Брюханов стиснул зубы, ему показалось, что в густой зелени лещины что-то прошелестело по зеленым листьям, прошло какое-то движение и оттуда на него кто-то затаенно-тяжело и бессильно посмотрел; он ощутил этот взгляд – пристальный, далекий, понимающий…
Застыв на месте, Брюханов усмехнулся непослушными губами, круто повернулся и пошел к машине. Он больше не мог оставаться наедине с этим зеленым сумраком и этим третьим и, едва сдерживаясь, чтобы не ускорить шаги, все время чувствовал спиной тот же долгий, неотпускающий, жадный взгляд, как будто им же самим разбуженная душа леса теперь неотступно следила за ним, и долго еще после того, как машина запрыгала по неровной дороге, Брюханов не мог прийти в себя и ощущал у сердца ноющий холодок.
7
На обратном пути Брюханов заехал в Густищи; за время, проведенное на заводе, он оживился, крепнущее современное производство понравилось и Чубареву.
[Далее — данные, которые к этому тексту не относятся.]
(* Assume that the function $\varphi$ described in the context satisfies Conditions (C1), (C2), (C3), (C4). Then the functional $\|u\|_{\mathcal L(\Omega)}:=f(u)$ is a norm on $\mathcal L(\Omega)$, and $\mathcal L(\Omega)$ equipped with this norm is a Banach space. Moreover, the embeddings $$L_{p_+}(\Omega)\cap L_{p_-}(\Omega)\subseteq \mathcal L(\Omega)\subseteq L_{p_-}(\Omega)$$ hold and are continuous (where $L_{p_+}(\Omega)\cap L_{p_-}(\Omega)$ carries its natural intersection norm).
   Context: Let $d\ge 1$ and let $\Omega\subseteq\mathbb R^d$ be a domain (open set, bounded or unbounded, possibly $\Omega=\mathbb R^d$). Functions are complex-valued. Let $a\in L_1(\mathbb R^d)$, $a\ge 0$, and suppose there is a non-empty ball $B_0$ centered at $0$ with $a(z)\ge c_0>0$ for a.e. $z\in B_0$. If $\Omega$ is not connected and $\Omega_1,\Omega_2,\dots$ are its connected components, assume $\operatorname{dist}(\Omega_i,\Omega_{i+1})<\operatorname{diam}B_0$ for all $i$. A real function $r$ on $[0,\infty)$ is almost increasing (resp. almost decreasing) with constant $\beta\ge1$ if $r(s)\le\beta r(t)$ (resp. $\beta r(s)\ge r(t)$) for all $0\le s\le t$. Let $\varphi:[0,\infty)\times\Omega\times\Omega\to[0,\infty)$. Conditions: (C1) for each $u\in L_{1,loc}(\Omega)$ the function $(x,y)\mapsto\varphi(|u(x)-u(y)|,x,y)$ is measurable on $\Omega\times\Omega$; (C2) for every $\varepsilon>0$ there is $\delta\in(0,1)$ such that $\varphi(\frac{s+t}{2},x,y)\le(1-\delta)\frac{\varphi(s,x,y)+\varphi(t,x,y)}{2}$ for a.e. $(x,y)$ and all $s,t>0$ with $|s-t|\ge\varepsilon\max\{s,t\}$; (C3) there are constants $1<p_-\le p_+$ and $\beta\ge1$ such that for a.e. $(x,y)$ the function $t\mapsto\varphi(t,x,y)/t^{p_-}$ is almost increasing with constant $\beta$ and $t\mapsto\varphi(t,x,y)/t^{p_+}$ is almost decreasing with constant $\beta$; (C4) for a.e. $(x,y)$: $c_1^{-1}\le\varphi(1,x,y)\le c_1$ with a constant $c_1>0$, $\varphi(0,x,y)=0$, and $\varphi(t,x,y)>0$ for $t>0$. Define for $u\in L_{1,loc}(\Omega)$: $F(u)=\int_{\Omega\times\Omega}\varphi(|u(x)-u(y)|,x,y)\,a(x-y)\,dx\,dy\in[0,+\infty]$, $|u|_{p,\Omega}=\inf\{\lambda>0: F(u/\lambda)\le1\}$, $f(u)=|u|_{p,\Omega}+\|u\|_{L_{p_-}(\Omega)}$, and $\mathcal L(\Omega)=\{u\in L_{p_-,loc}(\Omega): f(u)<+\infty\}$. *)

theory Defs
  imports "HOL-Analysis.Analysis"
begin

text \<open>Functions u are complex-valued on the ambient space 'a (= R^d); only their
values on the domain Omega matter. Lebesgue measure is used throughout.\<close>

definition Lp_integral :: "'a::euclidean_space set \<Rightarrow> real \<Rightarrow> ('a \<Rightarrow> complex) \<Rightarrow> ennreal" where
  "Lp_integral S p u = (\<integral>\<^sup>+ x \<in> S. ennreal (cmod (u x) powr p) \<partial>lebesgue)"

definition Lp_norm :: "'a::euclidean_space set \<Rightarrow> real \<Rightarrow> ('a \<Rightarrow> complex) \<Rightarrow> ennreal" where
  "Lp_norm S p u =
     (if Lp_integral S p u = top then top else ennreal (enn2real (Lp_integral S p u) powr (1 / p)))"

definition Lp_space :: "'a::euclidean_space set \<Rightarrow> real \<Rightarrow> ('a \<Rightarrow> complex) set" where
  "Lp_space S p = {u. u \<in> borel_measurable (lebesgue_on S) \<and> Lp_norm S p u < top}"

definition Lp_loc_space :: "'a::euclidean_space set \<Rightarrow> real \<Rightarrow> ('a \<Rightarrow> complex) set" where
  "Lp_loc_space S p = {u. u \<in> borel_measurable (lebesgue_on S) \<and>
      (\<forall>K. compact K \<and> K \<subseteq> S \<longrightarrow> Lp_integral K p u < top)}"

definition Ffun :: "'a::euclidean_space set \<Rightarrow> (real \<Rightarrow> 'a \<Rightarrow> 'a \<Rightarrow> real) \<Rightarrow> ('a \<Rightarrow> real)
    \<Rightarrow> ('a \<Rightarrow> complex) \<Rightarrow> ennreal" where
  "Ffun S \<phi> a u = (\<integral>\<^sup>+ z \<in> S \<times> S.
      ennreal (\<phi> (cmod (u (fst z) - u (snd z))) (fst z) (snd z) * a (fst z - snd z)) \<partial>lebesgue)"

definition seminorm_p :: "'a::euclidean_space set \<Rightarrow> (real \<Rightarrow> 'a \<Rightarrow> 'a \<Rightarrow> real) \<Rightarrow> ('a \<Rightarrow> real)
    \<Rightarrow> ('a \<Rightarrow> complex) \<Rightarrow> ennreal" where
  "seminorm_p S \<phi> a u =
     Inf (ennreal ` {lam::real. lam > 0 \<and> Ffun S \<phi> a (\<lambda>x. u x / complex_of_real lam) \<le> 1})"

definition fnorm :: "'a::euclidean_space set \<Rightarrow> (real \<Rightarrow> 'a \<Rightarrow> 'a \<Rightarrow> real) \<Rightarrow> ('a \<Rightarrow> real)
    \<Rightarrow> real \<Rightarrow> ('a \<Rightarrow> complex) \<Rightarrow> ennreal" where
  "fnorm S \<phi> a pm u = seminorm_p S \<phi> a u + Lp_norm S pm u"

definition Lspace :: "'a::euclidean_space set \<Rightarrow> (real \<Rightarrow> 'a \<Rightarrow> 'a \<Rightarrow> real) \<Rightarrow> ('a \<Rightarrow> real)
    \<Rightarrow> real \<Rightarrow> ('a \<Rightarrow> complex) set" where
  "Lspace S \<phi> a pm = {u \<in> Lp_loc_space S pm. fnorm S \<phi> a pm u < top}"

definition cond_C1 :: "'a::euclidean_space set \<Rightarrow> (real \<Rightarrow> 'a \<Rightarrow> 'a \<Rightarrow> real) \<Rightarrow> bool" where
  "cond_C1 S \<phi> \<longleftrightarrow> (\<forall>u \<in> Lp_loc_space S 1.
     (\<lambda>z. \<phi> (cmod (u (fst z) - u (snd z))) (fst z) (snd z)) \<in> borel_measurable (lebesgue_on (S \<times> S)))"

definition cond_C2 :: "'a::euclidean_space set \<Rightarrow> (real \<Rightarrow> 'a \<Rightarrow> 'a \<Rightarrow> real) \<Rightarrow> bool" where
  "cond_C2 S \<phi> \<longleftrightarrow> (\<forall>\<epsilon>>0. \<exists>\<delta>. 0 < \<delta> \<and> \<delta> < 1 \<and>
     (AE z in lebesgue_on (S \<times> S). \<forall>s t. s > 0 \<and> t > 0 \<and> \<bar>s - t\<bar> \<ge> \<epsilon> * max s t \<longrightarrow>
        \<phi> ((s + t) / 2) (fst z) (snd z) \<le> (1 - \<delta>) * ((\<phi> s (fst z) (snd z) + \<phi> t (fst z) (snd z)) / 2)))"

definition cond_C3 :: "'a::euclidean_space set \<Rightarrow> (real \<Rightarrow> 'a \<Rightarrow> 'a \<Rightarrow> real) \<Rightarrow> real \<Rightarrow> real \<Rightarrow> real \<Rightarrow> bool" where
  "cond_C3 S \<phi> pm pp \<beta> \<longleftrightarrow> 1 < pm \<and> pm \<le> pp \<and> \<beta> \<ge> 1 \<and>
     (AE z in lebesgue_on (S \<times> S).
        (\<forall>s t. 0 < s \<and> s \<le> t \<longrightarrow>
           \<phi> s (fst z) (snd z) / s powr pm \<le> \<beta> * (\<phi> t (fst z) (snd z) / t powr pm)) \<and>
        (\<forall>s t. 0 < s \<and> s \<le> t \<longrightarrow>
           \<beta> * (\<phi> s (fst z) (snd z) / s powr pp) \<ge> \<phi> t (fst z) (snd z) / t powr pp))"

definition cond_C4 :: "'a::euclidean_space set \<Rightarrow> (real \<Rightarrow> 'a \<Rightarrow> 'a \<Rightarrow> real) \<Rightarrow> real \<Rightarrow> bool" where
  "cond_C4 S \<phi> c1 \<longleftrightarrow> c1 > 0 \<and>
     (AE z in lebesgue_on (S \<times> S). 1 / c1 \<le> \<phi> 1 (fst z) (snd z) \<and> \<phi> 1 (fst z) (snd z) \<le> c1 \<and>
        \<phi> 0 (fst z) (snd z) = 0 \<and> (\<forall>t>0. \<phi> t (fst z) (snd z) > 0))"

end

theory Submission
  imports Defs
begin

text \<open>The seminorm \<open>|u|\<^sub>p\<close> is the Luxemburg functional of the modular
  \<open>u \<mapsto> \<integral>\<integral> \<phi>(|u x - u y|, x, y) a(x - y)\<close>, and the \<open>L\<^sub>p\<^sub>-\<close> norm is the Luxemburg
  functional of \<open>t \<mapsto> t\<^bsup>p\<^sub>-\<^esup>\<close>. For almost every \<open>(x, y)\<close>, (C2) makes \<open>t \<mapsto> \<phi>(t, x, y)\<close>
  midpoint convex and (C3), (C4) bound it by \<open>\<beta> c\<^sub>1 (t\<^bsup>p\<^sub>-\<^esup> + t\<^bsup>p\<^sub>+\<^esup>)\<close>, so by the
  Bernstein-Doetsch argument it is convex and continuous. Convexity gives the triangle inequality
  of the Luxemburg functional, continuity its lower semicontinuity under a.e. convergence (Fatou).
  A Cauchy sequence has a subsequence converging a.e. by the Riesz-Fischer argument applied to the
  \<open>L\<^sub>p\<^sub>-\<close> part of \<open>f\<close>, and lower semicontinuity of both parts turns this into convergence in
  \<open>f\<close>. The growth bound together with Young's inequality for the convolution with \<open>a \<in> L\<^sub>1\<close>
  embeds \<open>L\<^sub>p\<^sub>+ \<inter> L\<^sub>p\<^sub>-\<close> into \<open>L(\<Omega>)\<close>; the embedding of \<open>L(\<Omega>)\<close> into \<open>L\<^sub>p\<^sub>-\<close> holds
  because \<open>f\<close> contains the \<open>L\<^sub>p\<^sub>-\<close> norm.\<close>

section \<open>Midpoint-convex functions of a real variable\<close>

lemma midpoint_convex_dyadic:
  fixes g :: "real \<Rightarrow> real"
  assumes mid: "\<And>s t. s > 0 \<Longrightarrow> t > 0 \<Longrightarrow> g ((s + t) / 2) \<le> (g s + g t) / 2"
    and z: "z > 0" and w: "w > 0"
  shows "g ((1 - (1/2)^n) * z + (1/2)^n * w) \<le> (1 - (1/2)^n) * g z + (1/2)^n * g w"
proof (induction n)
  case (Suc n)
  define q where "q = (1/2::real)^n"
  have q: "0 < q" "q \<le> 1" unfolding q_def by (auto simp: power_le_one)
  define p where "p = (1 - q) * z + q * w"
  have p: "p > 0" unfolding p_def using q z w by (intro add_nonneg_pos) auto
  have "g ((1 - (1/2)^Suc n) * z + (1/2)^Suc n * w) = g ((z + p) / 2)"
    unfolding p_def q_def by (simp add: field_simps)
  also have "\<dots> \<le> (g z + g p) / 2" using mid[OF z p] .
  also have "\<dots> \<le> (g z + ((1 - q) * g z + q * g w)) / 2"
    using Suc.IH unfolding p_def q_def by simp
  also have "\<dots> = (1 - (1/2)^Suc n) * g z + (1/2)^Suc n * g w"
    unfolding q_def by (simp add: field_simps)
  finally show ?case .
qed simp

lemma midpoint_convex_upper_estimate:
  fixes g :: "real \<Rightarrow> real"
  assumes mid: "\<And>s t. s > 0 \<Longrightarrow> t > 0 \<Longrightarrow> g ((s + t) / 2) \<le> (g s + g t) / 2"
    and z: "z > 0" and bound: "\<And>t. 0 < t \<Longrightarrow> t \<le> 2 * z \<Longrightarrow> g t \<le> M"
    and x: "\<bar>x - z\<bar> < (1/2)^n * (z / 2)"
  shows "g x \<le> g z + (1/2)^n * (M - g z)"
proof -
  define q where "q = (1/2::real)^n"
  have q: "0 < q" "q \<le> 1" unfolding q_def by (auto simp: power_le_one)
  define w where "w = z + (x - z) / q"
  have "\<bar>(x - z) / q\<bar> < z / 2"
    using x q unfolding q_def[symmetric] by (simp add: field_simps abs_divide)
  then have w: "0 < w" "w \<le> 2 * z" unfolding w_def using z by (simp_all only: abs_less_iff) linarith+
  have "x = (1 - q) * z + q * w" unfolding w_def using q by (simp add: field_simps)
  then have "g x \<le> (1 - q) * g z + q * g w"
    using midpoint_convex_dyadic[OF mid z w(1), of n] unfolding q_def by simp
  also have "\<dots> \<le> (1 - q) * g z + q * M" using bound[OF w] q by simp
  finally show ?thesis unfolding q_def by (simp add: algebra_simps)
qed
lemma eventually_not_onto_outside:
  fixes f :: "real \<Rightarrow> real"
  assumes cont: "continuous_on {0..1} f" and onto: "f ` {0..1} = {0..1}"
    and nosplit: "\<not> admits_splitting f"
    and A: "subcontinuum A (inv_lim f)" and "q \<in> A" "\<not> A \<subseteq> {q}"
    and lr: "\<And>n. proj A n = {l n..r n}" "\<And>n. 0 \<le> l n \<and> l n \<le> r n \<and> r n \<le> 1"
  shows "\<exists>N. \<forall>n\<ge>N. \<not> onto_outside f (l n) (r n)"
proof -
  have AX: "A \<subseteq> inv_lim f"
    using A unfolding subcontinuum_def by simp
  obtain x where "x \<in> A" "x \<noteq> q"
    using \<open>\<not> A \<subseteq> {q}\<close> by blast
  then obtain m where "x m \<noteq> q m"
    by blast
  have "l n < r n" if "m \<le> n" for n
  proof -
    have "x n \<noteq> q n"
      using inv_lim_eq_below[of x f q n m] \<open>x m \<noteq> q m\<close> that AX \<open>x \<in> A\<close> \<open>q \<in> A\<close> by blast
    moreover have "x n \<in> {l n..r n}" "q n \<in> {l n..r n}"
      using \<open>x \<in> A\<close> \<open>q \<in> A\<close> lr(1)[of n] unfolding proj_def by blast+
    ultimately show ?thesis
      by auto
  qed
  moreover have "f ` {l (Suc n)..r (Suc n)} = {l n..r n}" for n
    using image_proj_Suc[OF AX, of n] lr(1) by simp
  ultimately have "finite {n. onto_outside f (l n) (r n)}"
    using finite_onto_outside[of f l r m, OF cont onto nosplit lr(2)] by blast
  then obtain N where "\<And>n. onto_outside f (l n) (r n) \<Longrightarrow> n \<le> N"
    unfolding finite_nat_set_iff_bounded_le by blast
  then show ?thesis
    by (intro exI[of _ "Suc N"]) (auto simp: not_less_eq_eq[symmetric])
qed

lemma mem_Icc_if_not_onto_outside:
  fixes f :: "real \<Rightarrow> real"
  assumes "\<not> onto_outside f l r" "0 \<le> l" "x \<in> {l..r}" "r \<le> 1" "0 \<le> w" "w \<le> 1"
    and "({0..1} \<subseteq> f ` {0..w} \<and> w \<le> x) \<or> ({0..1} \<subseteq> f ` {w..1} \<and> x \<le> w)"
  shows "w \<in> {l..r}"
  using assms(7)
proof
  assume left: "{0..1} \<subseteq> f ` {0..w} \<and> w \<le> x"
  have "l \<le> w"
  proof (rule ccontr)
    assume "\<not> l \<le> w"
    then have "f ` {0..w} \<subseteq> f ` {0..l}"
      by (intro image_mono) auto
    then have "{0..1} \<subseteq> f ` {0..l}"
      using left by blast
    then have "onto_outside f l r"
      unfolding onto_outside_def using assms(2-4)
      by (intro exI[of _ 0] exI[of _ l]) auto
    then show False
      using assms(1) by contradiction
  qed
  then show ?thesis
    using left assms(3) by auto
next
  assume right: "{0..1} \<subseteq> f ` {w..1} \<and> x \<le> w"
  have "w \<le> r"
  proof (rule ccontr)
    assume "\<not> w \<le> r"
    then have "f ` {w..1} \<subseteq> f ` {r..1}"
      by (intro image_mono) auto
    then have "{0..1} \<subseteq> f ` {r..1}"
      using right by blast
    then have "onto_outside f l r"
      unfolding onto_outside_def using assms(2-4)
      by (intro exI[of _ r] exI[of _ 1]) auto
    then show False
      using assms(1) by contradiction
  qed
  then show ?thesis
    using right assms(3) by auto
qed
lemma integral_heat_kernel_R_cos_test_le:
  fixes h :: "real \<Rightarrow> real"
  assumes L: "L > 0" and t: "t > 0" and h: "continuous_on {-1..1} h" and h_nonneg: "\<And>c. h c \<ge> 0"
  shows "(LINT x|lborel. heat_kernel_R t u x * indicator {0..L} x * h (cos (pi * x / L)))
      \<le> (LINT x|lborel. neumann_series L t u x * indicator {0..L} x * h (cos (pi * x / L)))"
proof -
  let ?\<phi> = "heat_kernel_R t 0"
  have \<Phi>: "integrable lborel (\<lambda>z. ?\<phi> z * h (cos (pi * (u + z) / L)))"
    by (intro integrable_mult_continuous_on_cos[OF h integrable_heat_kernel_R[OF t]]) measurable
  have \<Phi>_restricted: "integrable lborel (\<lambda>z. ?\<phi> z * h (cos (pi * (u + z) / L)) * indicator {0..L} (u + z))"
  proof (rule Bochner_Integration.integrable_bound[OF \<Phi>])
    have "(\<lambda>z. indicator {0..L} (u + z) :: real) \<in> borel_measurable lborel"
      by measurable
    then show "(\<lambda>z. ?\<phi> z * h (cos (pi * (u + z) / L)) * indicator {0..L} (u + z)) \<in> borel_measurable lborel"
      using borel_measurable_integrable[OF \<Phi>] by (rule borel_measurable_times[rotated])
  qed (auto simp: indicator_def)
  have "(LINT x|lborel. heat_kernel_R t u x * indicator {0..L} x * h (cos (pi * x / L)))
      = (LINT z|lborel. ?\<phi> z * h (cos (pi * (u + z) / L)) * indicator {0..L} (u + z))"
    by (subst lborel_integral_real_affine[where c=1 and t=u])
      (simp_all add: heat_kernel_R_shift[of t u] mult_ac)
  also have "\<dots> \<le> (LINT z|lborel. ?\<phi> z * h (cos (pi * (u + z) / L)))"
    using \<Phi> \<Phi>_restricted h_nonneg heat_kernel_R_nonneg t
    by (intro integral_mono) (auto simp: indicator_def)
  also have "\<dots> = (LINT x|lborel. neumann_series L t u x * indicator {0..L} x * h (cos (pi * x / L)))"
    by (rule integral_neumann_series_continuous_on_cos[OF L t h, symmetric])
  finally show ?thesis .
qed
(* Let $G$ be a graph on $n$ vertices, $h\geq 3$ a constant, $\Lambda>0$, and $s=\frac{1}{h^h}$. Fix a vertex $v$ with $t_G(v)\geq \Lambda\cdot (2h\log n)^{(h-1)^2}\cdot 2/s$. Then there exists a vector $P\in\mathsf{Product}_h(\Lambda)$ such that $v[P]\geq (1-1/e)^{h-1}\cdot s$.
   Context: An $h$-cycle is a cycle on $h$ distinct vertices; $t_G(v)$ is the number of $h$-cycles of $G$ containing $v$. Logarithms are base 2. $\mathsf{Product}_h(\Lambda)$ is the set of vectors $(p_1,\dots,p_h)\in[0,1]^h$ such that each $p_i\in\{2^{-j}: j \text{ an integer}, 0\leq j\leq \log(\Lambda)+1\}$ and $\prod_{i=1}^h p_i\leq 1/\Lambda$. For $P=(p_1,\dots,p_h)$, the $P$-discovery experiment is: sample a uniformly random coloring $\varphi:V(G)\to[h]$, keep each vertex of color class $i$ independently with probability $p_i$, and let $F$ be the induced subgraph on kept vertices; $v$ is $P$-discovered if $v$ lies on an $h$-cycle of $F$ whose vertices receive $h$ distinct colors. $v[P]$ is the probability that $v$ is $P$-discovered. *)

theory Defs
  imports Complex_Main "HOL-Library.FuncSet"
begin

text \<open>Graphs: finite vertex set V, symmetric irreflexive adjacency E.
  An h-cycle is given by a list of h distinct vertices, consecutive ones
  (cyclically) adjacent; the cycle itself is its edge set.\<close>

definition cycle_list :: "('a \<Rightarrow> 'a \<Rightarrow> bool) \<Rightarrow> 'a set \<Rightarrow> nat \<Rightarrow> 'a list \<Rightarrow> bool" where
  "cycle_list E V h xs \<longleftrightarrow> length xs = h \<and> distinct xs \<and> set xs \<subseteq> V \<and>
     (\<forall>i<h. E (xs ! i) (xs ! ((i + 1) mod h)))"

definition cycle_edges :: "'a list \<Rightarrow> 'a set set" where
  "cycle_edges xs = {{xs ! i, xs ! ((i + 1) mod length xs)} | i. i < length xs}"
Брюханов представил нового директора, как это и было положено, административно-руководящему составу завода, а затем все пошло, как и должно было идти; напряженная рабочая атмосфера действовала благотворно; для этого напористого, не останавливающегося ни на секунду потока жизни, вобравшего в себя множество усилий и судеб, любая человеческая жизнь мало что значила. Именно на заводе Брюханов твердо и, как ему казалось, бесповоротно решил не прикасаться больше к бумагам Петрова, забыть о них и продолжать работать, ведь убеждать мертвого и доказывать ему свою правоту было нелепо.
Он еще больше повеселел, увидев Ефросинью на пороге избы, торопливо вытиравшую руку о фартук, и поспешил ей навстречу; она поздоровалась, почтительно называя его Тихоном Ивановичем, потому что называть его Тихоном, хоть он и приходился теперь ей зятем, у нее язык не поворачивался; Брюханов, тепло улыбаясь, справился о здоровье, с наслаждением оттянул узел галстука.
Солнце было уже у самой кромки зубчатого лесного горизонта и готовилось скрыться совсем; алая, нежная заря раскидисто охватывала небо, подсвечивая редкие, казалось, недвижные облака, и Брюханов почувствовал тихое умиротворение неяркого, прохладного вечера; мучившее его сознание какого-то просчета, невосполнимой потери прошло. Вершины старых яблонь прохладно сквозили в неровной, как бы размытой, окраске; в звонкую пору лета цвет их выровняется, станет однотонным и сильным…
«Зачем куда-то спешить, – подумал Брюханов, – и рваться на куски, есть ведь это небо, и высокие облака, и лес, зубчатой стеной уходящий к самому горизонту; и права Ефросинья, живущая законами этого леса и этого неба, и, возможно, правильно она сделала, что никуда не поехала, хоть и звал ее Захар, оказавшийся занесенным превратностями войны на Северный Урал; Ефросинья и была сильна своей нерасторжимой связью с Густищами, даже время ее как-то пощадило, приостановило разрушительную работу, та же стать и ясная улыбка в серых, заголубевших радостью глазах».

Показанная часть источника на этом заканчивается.